If approved by voters, the flood infrastructure fund would be created at the start of next year.

HJR 34 would let the Legislature temporarily lower tax rates on property damaged during a disaster declared by the governor. House Bill 492 would set the initial tax exemption rates, up to a full exemption, according to the extent of the damage.

HJR 38 would ban the creation of a state income tax, doubling down on a constitutional amendment approved by voters in 1993 that requires voters’ permission for the Legislature to create a state income tax.

[…]

HJR 95 creates a tax exemption for precious metals held in the Texas Bullion Depository, which opened in North Austin in June 2018 with its permanent location in Leander expected to open in December.

While that depository made Texas the only state to have a state-operated depository, HJR 95 author Rep. Giovanni Capriglione, R-Southlake, said it is at a competitive disadvantage because it is also the only state allowing local property taxes on precious metals.

HJR 72 intends to ease the pressure put on smaller communities to find municipal judges by allowing one person to be elected to multiple cities’ judgeships. Currently a person can only hold multiple municipal judgeships by being appointed to each one.
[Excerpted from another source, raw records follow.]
lemma cf_denom_in_range_if_not_in_rational_cover:
  assumes x: "x \<notin> \<rat>" "0 < x" "x < 1" and "1 < X * D" "0 < D" "D \<le> Y"
    and "x \<notin> rational_cover X Y D"
  shows "\<exists>m\<ge>1. X * D \<le> cf_denom x m \<and> D * cf_denom x m \<le> Y"
proof (rule ccontr)
  assume none: "\<not> ?thesis"
  have "X * D \<le> cf_denom x (nat \<lceil>X * D\<rceil>)"
    using real_nat_ceiling_ge cf_denom_ge_index[OF x(1)] by (rule order.trans)
  then obtain n where n: "cf_denom x n < X * D" "X * D \<le> cf_denom x (Suc n)"
    using ex_crossing_index[of "cf_denom x"] assms(4) by force
  have "\<not> D * cf_denom x (Suc n) \<le> Y" using none n(2) by (metis One_nat_def Suc_le_mono le0)
  then have Y: "Y < D * cf_denom x (Suc n)" by simp
  obtain k where k: "cf_denom x n = of_int k" using cf_denom_Ints by (blast elim: Ints_cases)
  define q where "q = nat k"
  have "1 \<le> k" using k cf_denom_ge_1[OF x(1), of n] by simp
  then have q: "cf_denom x n = real q" "1 \<le> q" using k by (simp_all add: q_def)
  obtain z where z: "\<bar>real q * x - of_int z\<bar> \<le> 1 / cf_denom x (Suc n)"
    using cf_denom_approx[OF x, of n] q(1) by (auto elim: Ints_cases)
  have "0 < cf_denom x (Suc n)" using cf_denom_ge_1[OF x(1)] by (rule order.strict_trans2[OF zero_less_one])
  then have "1 / cf_denom x (Suc n) < D / Y"
    using Y assms(5,6) by (simp add: field_simps)
  moreover have "D / Y \<le> 1" using assms(5,6) by simp
  ultimately have close: "\<bar>real q * x - of_int z\<bar> < 1" "\<bar>real q * x - of_int z\<bar> \<le> D / Y"
    using z by linarith+
  have "q \<in> {1..nat \<lfloor>X * D\<rfloor>}" using n(1) q by (simp add: le_nat_floor)
  moreover have "z \<in> {0..int q}"
  proof -
    have "0 < real q * x" "real q * x < real q" using q(2) x(2,3) by auto
    then have "(-1::real) < of_int z" "of_int z < real q + 1" using close(1) by linarith+
    then show ?thesis by simp
  qed
  moreover have "\<bar>x - of_int z / real q\<bar> \<le> D / (real q * Y)"
  proof -
    have "x - of_int z / real q = (real q * x - of_int z) / real q"
      using q(2) by (simp add: field_simps)
    then have "\<bar>x - of_int z / real q\<bar> = \<bar>real q * x - of_int z\<bar> / real q" by simp
    also have "\<dots> \<le> (D / Y) / real q" using close(2) by (rule divide_right_mono) simp
    finally show ?thesis by (simp add: mult.commute)
  qed
  then have "x \<in> {of_int z / real q - D / (real q * Y) .. of_int z / real q + D / (real q * Y)}"
    by (simp add: abs_le_iff)
  ultimately have "x \<in> rational_cover X Y D"
    unfolding rational_cover_def by (intro UN_I)
  then show False using assms(7) by contradiction
qed

lemma emeasure_rational_cover_le_inverse:
  assumes "1 \<le> X" "1 \<le> D" "D ^ 3 * X \<le> Y"
  shows "emeasure lborel (rational_cover X Y D) \<le> ennreal (4 / D)"
proof -
  have pos: "0 < D ^ 3 * X" using assms(1,2) by simp
  then have Y: "0 < Y" using assms(3) by linarith
  have "emeasure lborel (rational_cover X Y D) \<le> ennreal (4 * X * D\<^sup>2 / Y)"
    using assms(1,2) Y by (intro emeasure_rational_cover_le) auto
  also have "\<dots> \<le> ennreal (4 * X * D\<^sup>2 / (D ^ 3 * X))"
    using assms(1,2,3) mult_pos_pos[OF Y pos] by (intro ennreal_leI divide_left_mono) auto
  also have "\<dots> = ennreal (4 / D)"
    using assms(1,2) by (simp add: power2_eq_square power3_eq_cube)
  finally show ?thesis .
qed

lemma cf_denom_deep_in_gap_if_not_in_rational_cover:
  assumes y: "y \<notin> \<rat>" "0 < y" "y < 1" and X: "1 \<le> X" and D: "1 < D" and gap: "D ^ 3 * X \<le> Y"
    and "y \<notin> rational_cover X Y D"
  shows "\<exists>m\<ge>1. X * D \<le> cf_denom y m \<and> D * cf_denom y m \<le> Y"
proof -
  have "X * 1 < X * D" using X D by (intro mult_strict_left_mono) auto
  then have XD: "1 < X * D" using X by linarith
  have "D \<le> D ^ 3" using D by (intro self_le_power) auto
  then have "D \<le> Y" using X D gap by (smt (verit) mult_le_cancel_left1)
  then show ?thesis
    using XD D assms(7) by (intro cf_denom_in_range_if_not_in_rational_cover[OF y]) auto
qed

lemma liminf_in_null_sets:
  assumes [measurable]: "\<And>j. A j \<in> sets M" and lim: "(\<lambda>j. emeasure M (A j)) \<longlonglongrightarrow> 0"
  shows "(\<Union>J. \<Inter>j\<in>{J..}. A j) \<in> null_sets M"
proof (intro null_sets_UN)
  fix J
  have "emeasure M (\<Inter>j\<in>{J..}. A j) \<le> 0"
  proof (rule LIMSEQ_le_const[OF lim])
    show "\<exists>N. \<forall>n\<ge>N. emeasure M (\<Inter>j\<in>{J..}. A j) \<le> emeasure M (A n)"
      by (intro exI[of _ J] allI impI emeasure_mono) auto
  qed
  then show "(\<Inter>j\<in>{J..}. A j) \<in> null_sets M" by auto
qed

section \<open>Denominators inside gaps\<close>

lemma cf_sigma_eq:
  assumes "mono_on {1..} Q'" "1 \<le> s" "Q' s < Q k" "Q k < Q' (Suc s)"
  shows "cf_sigma Q Q' k = s"
  unfolding cf_sigma_def
proof (rule the_equality)
  fix t assume t: "1 \<le> t \<and> Q' t < Q k \<and> Q k < Q' (Suc t)"
  have False if "Suc a \<le> b" "1 \<le> a" "Q k < Q' (Suc a)" "Q' b < Q k" for a b
    using mono_onD[OF assms(1), of "Suc a" b] that by auto
  then show "t = s" using t assms(2-4) by (metis not_less_eq_eq le_antisym)
qed (use assms in auto)

lemma cf_M_ge:
  assumes mono: "mono_on {1..} Q'" and grow: "\<And>r. real r \<le> Q r"
    and "1 \<le> s" "1 \<le> k" "0 < Q' s" "1 < D"
    and lower: "D * Q' s \<le> Q k" and upper: "D * Q k \<le> Q' (Suc s)"
  shows "cf_sigma_ex Q Q' k" "D \<le> cf_M Q Q' k"
proof -
  have Qk: "0 < Q k" using assms(5,6) lower by (smt (verit) mult_pos_pos)
  have between: "Q' s < Q k" "Q k < Q' (Suc s)"
    using assms(5,6) lower upper Qk by (smt (verit) mult_less_cancel_right1)+
  then show "cf_sigma_ex Q Q' k" unfolding cf_sigma_ex_def using assms(3) by blast
  let ?f = "\<lambda>r. min (Q r / Q' s) (Q' (Suc s) / Q r)"
  let ?S = "{?f r | r. r \<ge> 1 \<and> Q' s < Q r \<and> Q r < Q' (Suc s)}"
  have "finite ?S"
  proof (rule finite_subset)
    show "?S \<subseteq> ?f ` {..nat \<lceil>Q' (Suc s)\<rceil>}"
    proof
      fix z assume "z \<in> ?S"
      then obtain r where r: "z = ?f r" "Q r < Q' (Suc s)" by blast
      then have "r \<le> nat \<lceil>Q' (Suc s)\<rceil>" using grow[of r] by linarith
      then show "z \<in> ?f ` {..nat \<lceil>Q' (Suc s)\<rceil>}" using r by auto
    qed
  qed simp
  moreover have "?f k \<in> ?S" using between assms(4) by blast
  ultimately have "?f k \<le> cf_M Q Q' k"
    unfolding cf_M_def Let_def cf_sigma_eq[where Q = Q, OF mono assms(3) between] by (rule Max_ge)
  moreover have "D \<le> Q k / Q' s" using lower assms(5) by (simp add: pos_le_divide_eq)
  moreover have "D \<le> Q' (Suc s) / Q k" using upper Qk by (simp add: pos_le_divide_eq)
  ultimately show "D \<le> cf_M Q Q' k" by simp
qed

definition cf_M_unbounded :: "(nat \<Rightarrow> real) \<Rightarrow> (nat \<Rightarrow> real) \<Rightarrow> bool" where
  "cf_M_unbounded Q Q' \<longleftrightarrow> (\<exists>n. (\<forall>j. 1 \<le> n j \<and> cf_sigma_ex Q Q' (n j))
     \<and> filterlim (\<lambda>j. cf_M Q Q' (n j)) at_top sequentially)"

definition hits_deep_gaps :: "(nat \<Rightarrow> real) \<Rightarrow> (nat \<Rightarrow> real) \<Rightarrow> bool" where
  "hits_deep_gaps Q Q' \<longleftrightarrow> (\<forall>D>1. \<exists>s\<ge>1. \<exists>k\<ge>1. D * Q' s \<le> Q k \<and> D * Q k \<le> Q' (Suc s))"

lemma cf_M_unbounded_if_hits_deep_gaps:
  assumes x: "x \<notin> \<rat>" and y: "y \<notin> \<rat>" and hits: "hits_deep_gaps (cf_denom x) (cf_denom y)"
  shows "cf_M_unbounded (cf_denom x) (cf_denom y)"
proof -
  have "\<exists>k. 1 \<le> k \<and> cf_sigma_ex (cf_denom x) (cf_denom y) k \<and> real j \<le> cf_M (cf_denom x) (cf_denom y) k"
    for j
  proof -
    have "1 < real j + 2" by simp
    then obtain s k where sk: "1 \<le> s" "1 \<le> k" "(real j + 2) * cf_denom y s \<le> cf_denom x k"
      "(real j + 2) * cf_denom x k \<le> cf_denom y (Suc s)"
      using hits unfolding hits_deep_gaps_def by blast
    have "0 < cf_denom y s" using cf_denom_ge_1[OF y, of s] by linarith
    note M = cf_M_ge[OF cf_denom_mono_on[OF y] cf_denom_ge_index[OF x] sk(1,2) this \<open>1 < real j + 2\<close> sk(3,4)]
    show ?thesis using M sk(2) by (intro exI[of _ k]) auto
  qed
  then obtain n where n: "\<And>j. 1 \<le> n j \<and> cf_sigma_ex (cf_denom x) (cf_denom y) (n j)
      \<and> real j \<le> cf_M (cf_denom x) (cf_denom y) (n j)"
    by metis
  have "filterlim (\<lambda>j. cf_M (cf_denom x) (cf_denom y) (n j)) at_top sequentially"
    by (rule filterlim_at_top_mono[OF filterlim_real_sequentially]) (use n in auto)
  then show ?thesis using n unfolding cf_M_unbounded_def by blast
qed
Senate Joint Resolution 32 would let police dogs and other law enforcement animals retire in their old age to live with their handler or other caretaker. The state constitution currently prevents law enforcement from transferring valuable property to a private person or organization for free.

The other four are HJR12, HJR151, SJR24, and SJR79, all of which are financial in nature. As you know, I’m going to cast an enthusiastic but almost certainly futile vote against HJ38, the double secret illegal anti-income tax proposition. HJR95 also looks ridiculous to me – the whole Texas Bullion Depository thing is ridiculous, so it comes with the territory, while HJR72 and SJR32 seem reasonable. The rest I’ll figure out later. The ballot wording should be set in August. What do you think about these?